──────── Provided information ────────

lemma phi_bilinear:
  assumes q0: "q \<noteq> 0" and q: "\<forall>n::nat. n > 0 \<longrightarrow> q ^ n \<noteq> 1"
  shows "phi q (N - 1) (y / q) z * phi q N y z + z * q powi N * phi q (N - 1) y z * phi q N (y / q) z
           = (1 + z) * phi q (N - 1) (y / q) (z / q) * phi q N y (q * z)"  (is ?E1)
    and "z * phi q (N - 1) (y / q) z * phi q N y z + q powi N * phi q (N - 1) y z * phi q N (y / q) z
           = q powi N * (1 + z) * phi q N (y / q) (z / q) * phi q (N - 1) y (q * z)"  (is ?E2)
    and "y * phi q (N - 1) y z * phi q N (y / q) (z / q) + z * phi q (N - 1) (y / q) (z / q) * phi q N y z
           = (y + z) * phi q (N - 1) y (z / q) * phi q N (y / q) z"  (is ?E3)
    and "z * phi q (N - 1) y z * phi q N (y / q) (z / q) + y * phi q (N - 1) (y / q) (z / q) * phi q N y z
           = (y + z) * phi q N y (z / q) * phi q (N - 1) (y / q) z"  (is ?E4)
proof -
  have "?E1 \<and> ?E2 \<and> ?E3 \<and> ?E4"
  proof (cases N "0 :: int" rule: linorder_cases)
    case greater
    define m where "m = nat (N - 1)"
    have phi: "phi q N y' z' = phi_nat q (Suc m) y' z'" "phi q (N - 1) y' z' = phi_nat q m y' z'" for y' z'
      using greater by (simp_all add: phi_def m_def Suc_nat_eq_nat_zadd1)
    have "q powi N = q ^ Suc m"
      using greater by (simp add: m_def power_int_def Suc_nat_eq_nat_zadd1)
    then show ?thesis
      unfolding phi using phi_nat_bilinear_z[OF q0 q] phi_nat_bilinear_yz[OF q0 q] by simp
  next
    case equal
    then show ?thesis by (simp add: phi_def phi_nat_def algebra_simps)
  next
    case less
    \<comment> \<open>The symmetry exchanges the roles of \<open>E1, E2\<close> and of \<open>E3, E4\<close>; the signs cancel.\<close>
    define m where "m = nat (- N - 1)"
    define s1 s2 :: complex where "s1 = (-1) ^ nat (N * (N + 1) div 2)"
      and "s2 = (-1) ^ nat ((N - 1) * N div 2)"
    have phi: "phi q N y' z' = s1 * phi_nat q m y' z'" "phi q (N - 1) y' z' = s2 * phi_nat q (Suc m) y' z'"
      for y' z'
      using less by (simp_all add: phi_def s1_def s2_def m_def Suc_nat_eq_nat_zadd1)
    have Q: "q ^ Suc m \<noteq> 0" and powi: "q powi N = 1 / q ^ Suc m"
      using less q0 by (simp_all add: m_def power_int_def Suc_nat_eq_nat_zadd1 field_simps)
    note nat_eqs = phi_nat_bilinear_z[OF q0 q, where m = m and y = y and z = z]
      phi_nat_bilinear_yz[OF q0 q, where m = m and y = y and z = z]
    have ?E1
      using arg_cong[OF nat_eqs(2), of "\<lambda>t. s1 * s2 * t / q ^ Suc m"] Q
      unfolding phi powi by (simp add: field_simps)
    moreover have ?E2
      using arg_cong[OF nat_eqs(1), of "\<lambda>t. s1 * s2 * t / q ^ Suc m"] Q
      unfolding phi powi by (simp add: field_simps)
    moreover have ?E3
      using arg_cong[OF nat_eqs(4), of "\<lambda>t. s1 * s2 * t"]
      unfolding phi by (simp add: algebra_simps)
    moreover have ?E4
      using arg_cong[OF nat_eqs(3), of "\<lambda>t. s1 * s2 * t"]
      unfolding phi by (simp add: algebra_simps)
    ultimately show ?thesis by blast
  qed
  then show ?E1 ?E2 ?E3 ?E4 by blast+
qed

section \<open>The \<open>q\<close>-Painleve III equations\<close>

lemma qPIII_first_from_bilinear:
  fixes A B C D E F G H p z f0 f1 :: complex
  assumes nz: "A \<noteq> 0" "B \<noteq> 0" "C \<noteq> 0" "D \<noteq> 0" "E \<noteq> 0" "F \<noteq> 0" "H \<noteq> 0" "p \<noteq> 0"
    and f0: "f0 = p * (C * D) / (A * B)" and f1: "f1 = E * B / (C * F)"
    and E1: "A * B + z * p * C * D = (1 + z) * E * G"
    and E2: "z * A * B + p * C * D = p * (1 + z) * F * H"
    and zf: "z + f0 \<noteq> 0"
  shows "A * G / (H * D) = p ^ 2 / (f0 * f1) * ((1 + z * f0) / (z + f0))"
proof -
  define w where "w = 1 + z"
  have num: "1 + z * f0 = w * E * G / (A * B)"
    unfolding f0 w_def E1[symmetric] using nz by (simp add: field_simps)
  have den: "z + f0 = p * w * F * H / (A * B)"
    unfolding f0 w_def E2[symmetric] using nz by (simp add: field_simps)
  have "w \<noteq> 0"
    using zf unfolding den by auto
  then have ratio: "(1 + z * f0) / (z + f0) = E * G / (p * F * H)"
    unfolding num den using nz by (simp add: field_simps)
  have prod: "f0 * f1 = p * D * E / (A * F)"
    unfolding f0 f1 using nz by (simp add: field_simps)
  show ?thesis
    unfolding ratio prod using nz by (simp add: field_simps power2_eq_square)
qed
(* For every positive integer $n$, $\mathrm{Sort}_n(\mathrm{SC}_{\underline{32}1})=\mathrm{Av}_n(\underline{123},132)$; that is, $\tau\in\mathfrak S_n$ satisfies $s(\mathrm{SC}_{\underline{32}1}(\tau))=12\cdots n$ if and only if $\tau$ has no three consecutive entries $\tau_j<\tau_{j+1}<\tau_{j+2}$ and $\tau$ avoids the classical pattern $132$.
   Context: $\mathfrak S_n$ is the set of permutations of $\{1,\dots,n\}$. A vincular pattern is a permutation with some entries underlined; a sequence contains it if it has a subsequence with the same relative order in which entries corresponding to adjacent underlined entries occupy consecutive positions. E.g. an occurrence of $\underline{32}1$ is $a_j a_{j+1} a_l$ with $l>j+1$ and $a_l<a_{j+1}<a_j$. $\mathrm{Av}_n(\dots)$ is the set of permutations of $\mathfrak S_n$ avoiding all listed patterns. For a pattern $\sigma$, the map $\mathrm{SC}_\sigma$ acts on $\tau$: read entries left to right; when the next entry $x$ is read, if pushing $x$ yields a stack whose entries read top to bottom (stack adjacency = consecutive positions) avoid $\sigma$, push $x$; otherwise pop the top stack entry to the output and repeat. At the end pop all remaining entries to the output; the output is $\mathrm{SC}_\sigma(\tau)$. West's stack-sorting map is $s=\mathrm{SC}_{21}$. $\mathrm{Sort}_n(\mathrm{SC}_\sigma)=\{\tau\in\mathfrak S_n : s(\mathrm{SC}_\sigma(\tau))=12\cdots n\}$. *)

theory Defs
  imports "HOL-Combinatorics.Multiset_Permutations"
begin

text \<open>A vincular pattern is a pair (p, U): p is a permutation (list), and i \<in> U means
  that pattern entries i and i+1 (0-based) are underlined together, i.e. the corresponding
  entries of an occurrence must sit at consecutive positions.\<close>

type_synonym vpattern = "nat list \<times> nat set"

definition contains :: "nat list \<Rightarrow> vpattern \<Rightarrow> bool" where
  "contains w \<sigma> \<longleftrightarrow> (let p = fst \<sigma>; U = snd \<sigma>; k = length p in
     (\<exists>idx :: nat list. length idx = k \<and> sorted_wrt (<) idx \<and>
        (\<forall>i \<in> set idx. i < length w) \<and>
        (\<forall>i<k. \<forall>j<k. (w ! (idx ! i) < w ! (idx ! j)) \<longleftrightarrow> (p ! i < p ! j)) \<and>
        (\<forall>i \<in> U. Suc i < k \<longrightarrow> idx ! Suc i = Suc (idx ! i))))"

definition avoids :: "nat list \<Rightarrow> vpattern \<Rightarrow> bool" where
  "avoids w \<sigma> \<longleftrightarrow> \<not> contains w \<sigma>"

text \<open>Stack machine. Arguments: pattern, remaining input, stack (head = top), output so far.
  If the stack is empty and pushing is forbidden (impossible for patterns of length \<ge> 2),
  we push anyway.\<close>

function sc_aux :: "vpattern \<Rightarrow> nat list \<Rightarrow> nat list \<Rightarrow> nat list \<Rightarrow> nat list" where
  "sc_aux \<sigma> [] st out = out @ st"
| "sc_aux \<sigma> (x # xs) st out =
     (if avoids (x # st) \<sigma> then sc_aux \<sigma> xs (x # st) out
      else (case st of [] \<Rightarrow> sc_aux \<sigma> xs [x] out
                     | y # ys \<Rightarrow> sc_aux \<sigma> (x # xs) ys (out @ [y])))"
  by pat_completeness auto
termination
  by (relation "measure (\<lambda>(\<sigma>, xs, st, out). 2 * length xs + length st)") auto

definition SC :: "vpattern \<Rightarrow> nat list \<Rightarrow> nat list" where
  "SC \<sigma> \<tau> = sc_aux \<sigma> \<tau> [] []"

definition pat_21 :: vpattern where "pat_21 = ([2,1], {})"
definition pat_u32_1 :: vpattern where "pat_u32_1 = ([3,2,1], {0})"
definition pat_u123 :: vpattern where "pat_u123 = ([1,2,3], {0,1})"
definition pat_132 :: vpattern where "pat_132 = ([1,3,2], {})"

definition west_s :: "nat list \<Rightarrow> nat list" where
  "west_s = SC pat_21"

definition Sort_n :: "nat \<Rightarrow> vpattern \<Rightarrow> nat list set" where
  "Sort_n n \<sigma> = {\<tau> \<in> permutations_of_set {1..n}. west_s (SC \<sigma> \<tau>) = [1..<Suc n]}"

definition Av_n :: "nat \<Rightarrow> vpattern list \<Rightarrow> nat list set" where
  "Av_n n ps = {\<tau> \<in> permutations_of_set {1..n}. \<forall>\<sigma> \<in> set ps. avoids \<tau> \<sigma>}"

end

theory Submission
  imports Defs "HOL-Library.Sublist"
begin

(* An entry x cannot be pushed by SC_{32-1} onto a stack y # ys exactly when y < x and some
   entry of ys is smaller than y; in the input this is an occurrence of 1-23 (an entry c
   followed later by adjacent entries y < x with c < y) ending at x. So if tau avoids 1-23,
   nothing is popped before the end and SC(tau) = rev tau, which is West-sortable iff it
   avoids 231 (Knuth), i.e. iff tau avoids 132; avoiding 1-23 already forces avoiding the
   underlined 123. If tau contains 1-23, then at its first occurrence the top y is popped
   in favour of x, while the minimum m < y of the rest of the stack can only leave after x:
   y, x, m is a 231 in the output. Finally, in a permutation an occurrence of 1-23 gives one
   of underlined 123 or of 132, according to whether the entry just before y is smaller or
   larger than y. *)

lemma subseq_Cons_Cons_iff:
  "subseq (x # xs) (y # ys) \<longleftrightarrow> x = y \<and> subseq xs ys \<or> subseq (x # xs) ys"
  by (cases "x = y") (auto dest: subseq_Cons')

────────

Return exactly the lines from the beginning of the data above through the one containing "z * q powi N", please. Include both end lines and add nothing else.

• _Reply_:
lemma phi_bilinear:
  assumes q0: "q \<noteq> 0" and q: "\<forall>n::nat. n > 0 \<longrightarrow> q ^ n \<noteq> 1"
  shows "phi q (N - 1) (y / q) z * phi q N y z + z * q powi N * phi q (N - 1) y z * phi q N (y / q) z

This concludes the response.